B. Progenitor Mass Distribution
The analysis of the 439-star population yielded the following probability distributions for the progenitor mass:

• Preferred Mass Range: Both single-star and binary models strongly favor a high-mass progenitor in the range $21.5 M_\odot - 41.1 M_\odot$.
• Probability Peaks:
  • In the Single-Star Model, the age bin $10^{6.6} - 10^{6.9}$yr (corresponding to$21.5-41.1 M_\odot$) has a differential probability roughly **4 times higher** than bins for lower masses ($\le 21.5 M_\odot$) or higher masses ($\ge 41.1 M_\odot$).
  • In the Binary Model, the same mass range remains the most probable, though the peak is slightly less pronounced (approx. 1.4 times higher than the highest mass bin, but still $\sim 3$ times higher than lower mass bins).
• Integral Probability: The age range $10^{6.6} - 10^{6.9}$yr encompasses$\sim 83%$of the probability for the single-star model and$\sim 64%$ for the binary model.
• Consistency: The derived progenitor mass ($> 21.5 M_\odot$) is consistent with the requirement that the progenitor must have been more massive than its companion (HD 37424, $\sim 13.5 M_\odot$) to explode first and unbind the system.

C. Star Formation History

• The local stellar population shows evidence of a recent burst of star formation (within the last $10^7$ years), which is necessary to produce the observed population of massive O and B stars.

5. Significance and Implications

• Progenitor Mass Constraints: The study provides one of the most precise mass estimates for a Galactic ccSN progenitor, narrowing the range to $21.5-41.1 M_\odot$. This supports theories that high-mass stars are the primary drivers of core-collapse events in such environments.
• Binary Evolution: The results validate the "unbound binary" scenario for S147. The progenitor was likely a massive star in a binary system with HD 37424; the supernova explosion disrupted the orbit, leaving HD 37424 as a runaway star and the pulsar as the compact remnant.
• Methodological Limitations: The authors caution that while powerful, this method relies heavily on the assumption that the local stellar population is dominated by a single starburst.
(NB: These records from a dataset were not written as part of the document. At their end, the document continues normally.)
lemma Anorm_Abar_le:
  "Anorm w (Abar \<sigma> b \<delta> x0)
    \<le> (\<bar>det2 w (bracket b \<sigma> x0)\<bar> / sqrt \<delta> + \<bar>det2 \<nu> w\<bar> / (\<delta> * sqrt \<delta>)) / \<bar>det2 \<nu> (bracket b \<sigma> x0)\<bar>"
proof -
  have "det2 \<nu> (bracket b \<sigma> x0) \<noteq> 0" using abs_det2_\<nu>_bracket_ge \<Lambda>_pos by auto
  then have "Anorm w (Abar \<sigma> b \<delta> x0)
      \<le> (\<bar>det2 w ((\<delta> * sqrt \<delta>) *\<^sub>R bracket b \<sigma> x0)\<bar> + \<bar>det2 (sqrt \<delta> *\<^sub>R \<nu>) w\<bar>)
         / \<bar>\<delta>^2 * det2 \<nu> (bracket b \<sigma> x0)\<bar>"
    using Anorm_cols_le[of "sqrt \<delta> *\<^sub>R \<nu>" "(\<delta> * sqrt \<delta>) *\<^sub>R bracket b \<sigma> x0" w] \<delta>_pos
    unfolding Abar_eq_cols det2_Abar_columns by simp
  also have "\<dots> = (\<bar>det2 w (bracket b \<sigma> x0)\<bar> / sqrt \<delta> + \<bar>det2 \<nu> w\<bar> / (\<delta> * sqrt \<delta>))
                    / \<bar>det2 \<nu> (bracket b \<sigma> x0)\<bar>"
  proof -
    have "(\<bar>det2 w ((r\<^sup>2 * r) *\<^sub>R v)\<bar> + \<bar>det2 (r *\<^sub>R u) w\<bar>) / \<bar>(r\<^sup>2)\<^sup>2 * det2 u v\<bar>
        = (\<bar>det2 w v\<bar> / r + \<bar>det2 u w\<bar> / (r\<^sup>2 * r)) / \<bar>det2 u v\<bar>"
      if "0 < r" "det2 u v \<noteq> 0" for r and u v :: "real^2"
      using that by (simp add: det2_simps abs_mult field_simps power2_eq_square)
    from this[of "sqrt \<delta>"] show ?thesis
      using \<delta>_pos abs_det2_\<nu>_bracket_ge \<Lambda>_pos by simp
  qed
  finally show ?thesis .
qed
lemma maximal_in_uec_v_structure_iff:
  assumes max: "maximal_in_uec V U D" and "v \<in> V" "x \<in> V" "w \<in> V"
  shows "v_structure D v x w \<longleftrightarrow>
    (\<exists>s\<in>sources V D. (s, v) \<in> D\<^sup>* \<and> (s, w) \<notin> D\<^sup>*) \<and>
    (\<exists>s\<in>sources V D. (s, w) \<in> D\<^sup>* \<and> (s, v) \<notin> D\<^sup>*) \<and>
    (\<forall>s\<in>sources V D. (s, v) \<in> D\<^sup>* \<or> (s, w) \<in> D\<^sup>* \<longrightarrow> (s, x) \<in> D\<^sup>*)"
    (is "_ \<longleftrightarrow> ?v_not_w \<and> ?w_not_v \<and> ?below_x")
proof
  assume "v_structure D v x w"
  then have "v \<noteq> w" "\<not> adjD D v w" "\<not> adjD D w v" and vx: "(v, x) \<in> D" and wx: "(w, x) \<in> D"
    unfolding v_structure_def adjD_def by auto
  then have ?v_not_w ?w_not_v
    using maximal_in_uec_nonadjacent_source[OF max] assms(2,4) by auto
  moreover have ?below_x
    using vx wx by (auto intro: rtrancl_into_rtrancl)
  ultimately show "?v_not_w \<and> ?w_not_v \<and> ?below_x" by blast
next
  assume "?v_not_w \<and> ?w_not_v \<and> ?below_x"
  then obtain s1 s2 where s1: "s1 \<in> sources V D" "(s1, v) \<in> D\<^sup>*" "(s1, w) \<notin> D\<^sup>*"
    and s2: "s2 \<in> sources V D" "(s2, w) \<in> D\<^sup>*" "(s2, v) \<notin> D\<^sup>*"
    and below_x: ?below_x
    by blast
  have "(s1, x) \<in> D\<^sup>*" "(s2, x) \<in> D\<^sup>*" using below_x s1 s2 by blast+
  then have "(x, v) \<notin> D\<^sup>*" "(x, w) \<notin> D\<^sup>*" using s1(3) s2(3) by (meson rtrancl_trans)+
  then have "(v, x) \<in> D" "(w, x) \<in> D"
    using maximal_in_uec_edge[OF max] below_x assms(2-4) by blast+
  moreover have "v \<noteq> w" "(v, w) \<notin> D" "(w, v) \<notin> D"
    using s1 s2 by (auto intro: rtrancl_into_rtrancl)
  ultimately show "v_structure D v x w" unfolding v_structure_def adjD_def by blast
qed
Projection effects and contamination can obscure the true SFH. They suggest that for Galactic SNRs, a comparative statistical approach (comparing SNR regions to control fields without SNRs) may be more robust for ensemble studies.
• Future Directions: The success of this method on S147, aided by precise distance measurements via high-velocity absorption lines, paves the way for a statistical survey of Galactic SNRs to better understand the demographics of supernova progenitors and binary interactions.